Cyber . 20/09/2026, 10:34 WIB
Penulis : Makruf | Editor : Makruf
Karena itu, anggapan bahwa Google Maps membutuhkan CCTV di setiap persimpangan untuk mengetahui kemacetan tidak tepat.
Kamera dan citra memang memiliki fungsi penting dalam ekosistem pemetaan. Street View, citra satelit, serta sumber visual lainnya antara lain membantu Google memahami bentuk jalan dan berbagai karakteristik lingkungan.
Namun, untuk informasi kepadatan lalu lintas real-time, salah satu sumber utamanya justru berasal dari data perjalanan yang dikumpulkan secara agregat.
Secara sederhana, kendaraan dan ponsel pengguna dapat bertindak seperti kumpulan sensor bergerak.

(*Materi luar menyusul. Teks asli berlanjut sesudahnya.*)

lemma not_chordless_nth:
  assumes "\<not> chordless E zs"
  obtains i j where "Suc i < j" "j < length zs" "{zs ! i, zs ! j} \<in> E"
proof -
  obtain a b where ab: "a \<in> set zs" "b \<in> set zs" "a \<noteq> b" "{a, b} \<in> E" "{a, b} \<notin> path_edges zs"
    using assms unfolding chordless_def by blast
  obtain i j where ij: "i < length zs" "j < length zs" "zs ! i = a" "zs ! j = b"
    using ab(1,2) by (auto simp: in_set_conv_nth)
  have "\<exists>i' j'. i' < j' \<and> j' < length zs \<and> {zs ! i', zs ! j'} = {a, b}"
  proof (cases "i < j")
    case True
    then show ?thesis using ij by blast
  next
    case False
    then have "j < i" using ij ab(3) by (cases "i = j") auto
    then show ?thesis using ij by (intro exI[of _ j] exI[of _ i]) (auto simp: insert_commute)
  qed
  then obtain i' j' where ij': "i' < j'" "j' < length zs" "{zs ! i', zs ! j'} = {a, b}" by blast
  moreover have "Suc i' \<noteq> j'" using ij' ab(5) unfolding path_edges_nth by force
  ultimately show thesis using ab(4) by (intro that[of i' j']) auto
qed

lemma walk_shorten:
  assumes walk: "path_edges zs \<subseteq> E" and "\<not> (distinct zs \<and> chordless E zs)"
  obtains ws where "path_edges ws \<subseteq> E" "ws \<noteq> []" "hd ws = hd zs" "last ws = last zs"
    "set ws \<subseteq> set zs" "length ws < length zs"
proof (cases "distinct zs")
  case False
  then obtain i j where ij: "i < j" "j < length zs" "zs ! i = zs ! j"
    by (metis distinct_conv_nth linorder_neqE_nat)
  show thesis
  proof (cases i)
    case 0
    have "hd (drop j zs) = hd zs" using ij 0 by (cases zs) (auto simp: hd_drop_conv_nth)
    then show thesis
      using that[of "drop j zs"] path_edges_drop[of j zs] set_drop_subset[of j zs] walk ij 0 by auto
  next
    case (Suc i')
    have "{zs ! i', zs ! j} \<in> E" using walk ij Suc unfolding path_edges_nth by force
    then show thesis using that walk_take_drop[OF walk, of i' j] ij Suc by simp
  qed
next
  case True
  then obtain i j where "Suc i < j" "j < length zs" "{zs ! i, zs ! j} \<in> E"
    using assms(2) not_chordless_nth by blast
  then show thesis using that walk_take_drop[OF walk, of i j] by simp
qed
lemma block_of_component_of_modulator:
  assumes w: "wf_graph G" and X: "modulator G X" and C: "component (del G X) C"
    and B: "is_block (induce G C) B"
  shows "B \<subseteq> verts G" "connected (induce G B)" "treewidth (induce G B) \<le> 2"
proof -
  have BC: "B \<subseteq> C" and CX: "C \<subseteq> verts G - X"
    using B C unfolding is_block_def component_def by auto
  then show "B \<subseteq> verts G" by blast
  have "induce (induce G C) B = induce G B" using BC by (auto simp: induce_def)
  then show "connected (induce G B)" using B unfolding is_block_def biconnected_def by simp
  have "subgraph (induce G B) (del G X)" using BC CX by (auto simp: subgraph_def)
  then have "treewidth (induce G B) \<le> treewidth (del G X)"
    by (intro treewidth_subgraph_le wf_del wf_induce w)
  then show "treewidth (induce G B) \<le> 2" using X unfolding modulator_def by linarith
qed

theorem mainTheorem16:
  fixes G :: "'a graph" and t :: nat and X C B :: "'a set" and a :: 'a
  assumes "wf_graph G"
    and "\<not> trivial_inst G t"
    and "modulator G X"
    and "component (del G X) C"
    and "is_block (induce G C) B"
    and "Inr B \<in> verts (bc_tree (induce G C))"
    and "{n. adj (bc_tree (induce G C)) (Inr B) n} = {Inl a}"
    and "limit1 (del G B) t (nbhd G (B - {a}) - {a})"
    and "\<forall>x \<in> nbhd G (B - {a}) - {a}. treewidth (add_edge (induce G (B \<union> {x})) a x) \<le> 2"
  shows "(\<exists>S. solution G t S) \<longleftrightarrow> (\<exists>S. solution (contract G B a) t S)"
proof
  note w = assms(1)
  have aB: "a \<in> B" using assms(7) by (intro mem_block_if_adj_bc_tree) blast
  note B = block_of_component_of_modulator[OF w assms(3-5)]
  show "\<exists>S. solution (contract G B a) t S" if "\<exists>S. solution G t S"
    using that solution_contract_of_solution[OF w aB B(1,2)] by blast
  show "\<exists>S. solution G t S" if "\<exists>S. solution (contract G B a) t S"
  proof -
    from that obtain S where sol: "solution (contract G B a) t S" by blast
    then have "card (nbhd G (B - {a}) - {a} - (S - {a})) \<le> 1"
      using assms(8) solution_del_of_solution_contract[OF w aB] unfolding limit1_def by blast
    moreover have "nbhd G (B - {a}) - {a} - (S - {a}) = nbhd G (B - {a}) - {a} - S" by blast
    ultimately have "solution G t S"
      using solution_of_solution_contract[OF w aB B(1,3) assms(9) _ sol] by simp
    then show ?thesis ..
  qed
qed

end
lemma poset_Mset:
  assumes po: "poset X le"
  shows "poset (Mset X le) (Mle le)"
  unfolding poset_def[of "Mset X le"]
proof (intro conjI ballI impI)
  show "Mle le S S" if "S \<in> Mset X le" for S
    using that poset_refl[OF po] by (auto simp: Mle_def Mset_iff)
  show "S = T" if "S \<in> Mset X le" "T \<in> Mset X le" "Mle le S T \<and> Mle le T S" for S T
    using that Mle_mutual_subset[OF po] by blast
  show "Mle le S U" if "S \<in> Mset X le" "T \<in> Mset X le" "U \<in> Mset X le"
    "Mle le S T \<and> Mle le T U" for S T U
    using that Mle_trans[OF po] by blast
qed

lemma Mmax_map_in_Mset:
  assumes "poset Y leY" "monotone_map X leX Y leY f" "S \<in> Mset X leX"
  shows "Mmax_map leY f S \<in> Mset Y leY"
proof -
  have fS: "f ` S \<subseteq> Y" "finite (f ` S)" "f ` S \<noteq> {}"
    using assms(3) monotone_map_image_subset[OF assms(2)] by (auto simp: Mset_iff)
  have "maxel leY (f ` S) \<subseteq> Y"
    using maxel_subset fS(1) by (rule subset_trans)
  moreover have "finite (maxel leY (f ` S))"
    using fS(2) maxel_subset by (rule finite_subset[rotated])
  moreover have "maxel leY (f ` S) \<noteq> {}"
    using maxel_nonempty[OF assms(1) fS(2,1,3)] .
  ultimately show ?thesis
    unfolding Mset_iff Mmax_map_def using antichain_maxel by blast
qed
lemma U2_frontier_if_Delta2:
  fixes \<Omega> :: "complex set"
  assumes \<Omega>: "open \<Omega>" "connected \<Omega>" "\<Omega> \<noteq> {}" and \<beta>: "0 < \<beta>" and "Delta2 \<beta> \<Omega>"
  shows "\<exists>\<beta>'>\<beta>. U2 \<beta>' (frontier \<Omega>)"
proof -
  obtain C \<epsilon> r0 where C: "0 < C" and \<epsilon>: "0 < \<epsilon>" "\<epsilon> < 1" and r0: "0 < r0"
    and small: "\<And>a r z. a \<in> frontier \<Omega> \<Longrightarrow> 0 < r \<Longrightarrow> r < r0 \<Longrightarrow>
      z \<in> \<Omega> \<inter> sphere a (C * h2 \<beta> r) \<Longrightarrow> w_ar \<Omega> a r z \<le> 1 - \<epsilon>"
    using assms(5) unfolding Delta2_def Delta_cond_def by metis
  define \<beta>' where "\<beta>' = (\<beta> + 1) / \<epsilon>"
  have \<beta>'\<epsilon>: "\<beta>' * \<epsilon> = \<beta> + 1" using \<epsilon> by (simp add: \<beta>'_def)
  have "\<beta> + 1 \<le> \<beta>'" using \<epsilon> \<beta> by (simp add: \<beta>'_def le_divide_eq)
  hence "\<beta> < \<beta>'" by simp
  define K where "K = max 1 (max (1 / C) (C powr (1 / \<beta>)))"
  define r1 where "r1 = exp (- K)"
  have K_lt: "K < ln (1 / r)" if "0 < r" "r < r1" for r
    using that ln_less_cancel_iff[of r r1] by (simp add: r1_def ln_div)
  have "\<exists>r2>0. unif_perfect (\<lambda>t. 1 * h2 \<beta>' t) r2 (frontier \<Omega>)"
  proof (rule unif_perfect_frontier_if_small_harmonic_measure[OF \<Omega> _ r0 small])
    show "0 < r1" by (simp add: r1_def)
    have "r1 \<le> exp (- 1)" "r1 < 1" by (simp_all add: r1_def K_def)
    hence "mono_on {0..<r1} (h2 \<beta>')"
      by (intro mono_on_subset[OF h2_mono_on]) (use \<open>\<beta> < \<beta>'\<close> \<beta> in auto)
    thus "mono_on {0..<r1} (\<lambda>t. 1 * h2 \<beta>' t)" by simp
    show "1 * h2 \<beta>' r \<le> r" if "r \<in> {0..<r1}" for r
      using h2_le[of \<beta>' r] that \<open>r1 \<le> exp (- 1)\<close> \<open>\<beta> < \<beta>'\<close> \<beta> by simp
    fix r assume r: "0 < r" "r < r1"
    define y where "y = ln (1 / r)"
    have y: "1 < y" "1 / C < y" "C powr (1 / \<beta>) < y"
      using K_lt[OF r] by (auto simp: K_def y_def)
    have "C < y powr \<beta>"
      using powr_less_mono2[OF \<beta> _ y(3)] C \<beta> by (simp add: powr_powr)
    hence "C * y powr (- \<beta>) < 1"
      using y by (simp add: powr_minus field_simps)
    hence "C * (r * y powr (- \<beta>)) < r" using r by simp
    moreover have "r powr (1 - \<epsilon>) * (r * y powr (- \<beta>')) powr \<epsilon> = r * y powr (- \<beta>) / y"
    proof -
      have "(r * y powr (- \<beta>')) powr \<epsilon> = r powr \<epsilon> * y powr (- (\<beta>' * \<epsilon>))"
        using r y by (simp add: powr_mult powr_powr)
      moreover have "r powr (1 - \<epsilon>) * r powr \<epsilon> = r" using r by (simp flip: powr_add)
      moreover have "y powr (- (\<beta>' * \<epsilon>)) = y powr (- \<beta> - 1)" using \<beta>'\<epsilon> by simp
      moreover have "y powr (- \<beta> - 1) = y powr (- \<beta>) / y" using y by (simp add: powr_diff)
      ultimately show ?thesis by (metis mult.assoc times_divide_eq_right)
    qed
    moreover have "r * y powr (- \<beta>) / y < C * (r * y powr (- \<beta>))"
      using r y C by (simp add: field_simps)
    ultimately show "0 < 1 * h2 \<beta>' r \<and> C * h2 \<beta> r < r \<and>
        r powr (1 - \<epsilon>) * (1 * h2 \<beta>' r) powr \<epsilon> < C * h2 \<beta> r"
      using r y by (simp add: h2_def flip: y_def)
  qed (use \<epsilon> in simp)
  thus ?thesis using \<open>\<beta> < \<beta>'\<close> unfolding U2_def by (meson zero_less_one)
qed
lemma uniformly_recurrent_occurs_after:
  assumes ur: "uniformly_recurrent x" and "u \<noteq> []" and uq: "occurs_seq x u q"
  shows "\<exists>t>q. occurs_seq x u t"
proof (rule ccontr)
  assume "\<not> ?thesis"
  then have last: "\<And>t. q < t \<Longrightarrow> \<not> occurs_seq x u t" by auto
  have "u \<in> lang x" using uq by (auto simp: lang_def)
  then obtain B where B: "\<And>w. return_word x u w \<Longrightarrow> real (length w) \<le> B"
    using ur \<open>u \<noteq> []\<close> unfolding uniformly_recurrent_def by blast
  define V where "V = window x q (length u + nat \<lceil>B\<rceil>)"
  have Vq: "occurs_seq x V q" unfolding V_def by (rule occurs_seq_window)
  have "V \<noteq> []" using \<open>u \<noteq> []\<close> by (simp add: V_def)
  then have "infinite {i. occurs_seq x V i}"
    using ur window_in_lang unfolding uniformly_recurrent_def V_def by blast
  then obtain r where Vr: "occurs_seq x V r" and "r \<noteq> q"
    using infinite_imp_nonempty[OF Diff_infinite_finite[of "{q}"]] by blast
  \<comment> \<open>V begins with u, so r is an occurrence of u too; every later occurrence of u
    within distance B of r therefore reappears after q.\<close>
  have ur: "occurs_seq x u r"
    using occurs_seq_transfer[OF Vq Vr, of u 0] uq by (simp add: V_def)
  with last \<open>r \<noteq> q\<close> have "r < q" by force
  then obtain r' where "r < r'" "occurs_seq x u r'"
    and rw: "return_word x u (window x r (nat (r' - r)))"
    using return_word_between_occurrences[OF ur uq] by blast
  have "real (nat (r' - r)) \<le> real (nat \<lceil>B\<rceil>)"
    using order_trans[OF B[OF rw] real_nat_ceiling_ge] by (simp only: length_window)
  then have "nat (r' - r) + length u \<le> length V" by (simp add: V_def)
  then have "occurs_seq x u (q + int (nat (r' - r)))"
    using occurs_seq_transfer[OF Vr Vq, of u "nat (r' - r)"] \<open>r < r'\<close> \<open>occurs_seq x u r'\<close>
    by simp
  then show False using last \<open>r < r'\<close> by force
qed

Jika ribuan kendaraan menggunakan jalan sambil membawa perangkat yang menghasilkan data perjalanan, sistem memperoleh gambaran mengenai kecepatan arus kendaraan tanpa harus memasang kamera pada setiap ruas.
Kemampuan Google Maps mengetahui kemacetan merupakan contoh penerapan big data, GPS, pemrosesan data real-time, dan kecerdasan buatan dalam kehidupan sehari-hari.
Sistem menggabungkan data perjalanan pengguna, kecepatan kendaraan secara agregat, pola lalu lintas historis, laporan insiden, serta sumber informasi tambahan untuk memperkirakan keadaan jalan.
Karena itu, ketika sebuah jalan mendadak berubah dari hijau menjadi merah di Google Maps, perubahan tersebut tidak selalu terjadi karena sebuah kamera sedang mengawasi jalan tersebut.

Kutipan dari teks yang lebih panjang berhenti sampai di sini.